Orchestrate Load Jobs

Starlake generates orchestration DAGs automatically from your YAML load and transform definitions. You do not write DAG code manually. The starlake dag-generate command analyzes job dependencies and produces ready-to-deploy DAG files for your orchestrator.

Supported orchestrators:

  • Airflow -- Generates Python DAG files.
  • Dagster -- Generates Dagster job definitions.
  • Snowflake Tasks -- Generates Snowflake Task definitions.

Why automatic DAG generation matters

In a traditional data pipeline, you must write and maintain orchestration code alongside your data logic. Starlake eliminates this duplication: your YAML definitions already declare the tables, domains and dependencies. The dag-generate command derives the execution graph from these declarations.

This means:

  • Zero DAG code to write or maintain.
  • Dependencies between load and transform jobs are resolved automatically.
  • Adding a new table or domain updates the DAG on the next generation.

How to generate and deploy DAGs

  1. Ensure all YAML configurations are complete -- Table, domain and transform definitions must be in place.
  2. Run the generation command:
starlake dag-generate
  1. Deploy the generated files -- Copy the output to your Airflow DAGs folder, Dagster repository or Snowflake Tasks environment.

The command analyzes dependencies between your load and transform jobs and produces the correct execution order.

Next Steps

Frequently Asked Questions

How do I generate DAGs for load jobs in Starlake?

Run the starlake dag-generate command. It analyzes dependencies between load and transform jobs and produces DAG files for the configured orchestrator.

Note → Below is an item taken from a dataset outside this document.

(* Let $p\ge 1$, let $F:\mathbb{R}^p\to\mathbb{R}^p$ and $G(\boldsymbol{x}) := F(\boldsymbol{x})-\boldsymbol{x}$, and let $\boldsymbol{x}^\ast\in\mathbb{R}^p$. Assume (A1): $G$ is differentiable in an open convex set $D$ containing $\boldsymbol{x}^\ast$, $G(\boldsymbol{x}^\ast)=0$, $dG(\boldsymbol{x}^\ast)$ is non-singular, and for some constants $d>0$ and $K$, $\|dG(\boldsymbol{x})-dG(\boldsymbol{x}^\ast)\|\le K\|\boldsymbol{x}-\boldsymbol{x}^\ast\|^d$ for all $\boldsymbol{x}\in D$. Suppose there exist a constant $\mu_2\ge 0$, a non-singular symmetric matrix $M\in\mathbb{R}^{p\times p}$, and a neighborhood $N'$ of $(\boldsymbol{x}^\ast,dG(\boldsymbol{x}^\ast)^{-1})$ such that for all $(\boldsymbol{x},H)\in N'$, with $\boldsymbol{v}=G(F(\boldsymbol{x}))-G(\boldsymbol{x})\neq 0$, $$\frac{\|M\boldsymbol{v}-M^{-1}\boldsymbol{v}\|}{\|M^{-1}\boldsymbol{v}\|}\le\mu_2\|\boldsymbol{v}\|^d.$$ Then the updates $\bar{\boldsymbol{x}}=\boldsymbol{x}-HG(\boldsymbol{x})$ and $\bar H=H-H\frac{\boldsymbol{v}\boldsymbol{v}^T}{\boldsymbol{v}^T\boldsymbol{v}}+\frac{\boldsymbol{u}\boldsymbol{v}^T}{\boldsymbol{v}^T\boldsymbol{v}}$ are well-defined in a neighborhood $N$ of $(\boldsymbol{x}^\ast,dG(\boldsymbol{x}^\ast)^{-1})$, and the corresponding iteration $\boldsymbol{x}_{k+1}=\boldsymbol{x}_k-H_kG(\boldsymbol{x}_k)$, $H_{k+1}=\bar H$ evaluated at $(\boldsymbol{x}_k,H_k)$, is locally convergent to $\boldsymbol{x}^\ast$: there exist $\epsilon>0$, $\delta>0$ such that whenever $\|\boldsymbol{x}_0-\boldsymbol{x}^\ast\|<\epsilon$ and $\|H_0-dG(\boldsymbol{x}^\ast)^{-1}\|_M<\delta$, the iteration is well-defined and $\boldsymbol{x}_k\to\boldsymbol{x}^\ast$.
   Context: $F$ is a majorization–minimization (MM) algorithm map and $G$ its residual; $dG$ denotes the Jacobian of $G$. $\|\cdot\|$ is a chosen vector norm on $\mathbb{R}^p$ and, for matrices, its induced operator norm; $\|A\|_M:=\|MAM\|_F$ with $\|\cdot\|_F$ the Frobenius norm. For a pair $(\boldsymbol{x},H)$, $\boldsymbol{u}=F(\boldsymbol{x})-\boldsymbol{x}$ and $\boldsymbol{v}=G(F(\boldsymbol{x}))-G(\boldsymbol{x})$. Standing assumption: the MM map is locally convergent to $\boldsymbol{x}^\ast$ in a neighborhood $S$ of $\boldsymbol{x}^\ast$ with linear rate $\tau$, i.e. $\|F(\boldsymbol{x})-\boldsymbol{x}^\ast\|\le\tau\|\boldsymbol{x}-\boldsymbol{x}^\ast\|$ for all $\boldsymbol{x}\in S$, with $\tau\in(0,1)$. *)

theory Defs
  imports "HOL-Analysis.Analysis"
begin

Which orchestrators does Starlake support for load jobs?

Starlake supports Airflow, Dagster and Snowflake Tasks for load job orchestration.

Do I need to write Airflow DAGs manually for Starlake?

No. The starlake dag-generate command automatically generates DAGs from the YAML definitions in your project.

Are dependencies between load and transform jobs handled automatically?

Yes. DAG generation analyzes the dependencies declared in YAML files and produces a correct execution graph.

Where can I find the full orchestration documentation for Starlake?

In the Orchestration Tutorial and DAG Customization pages.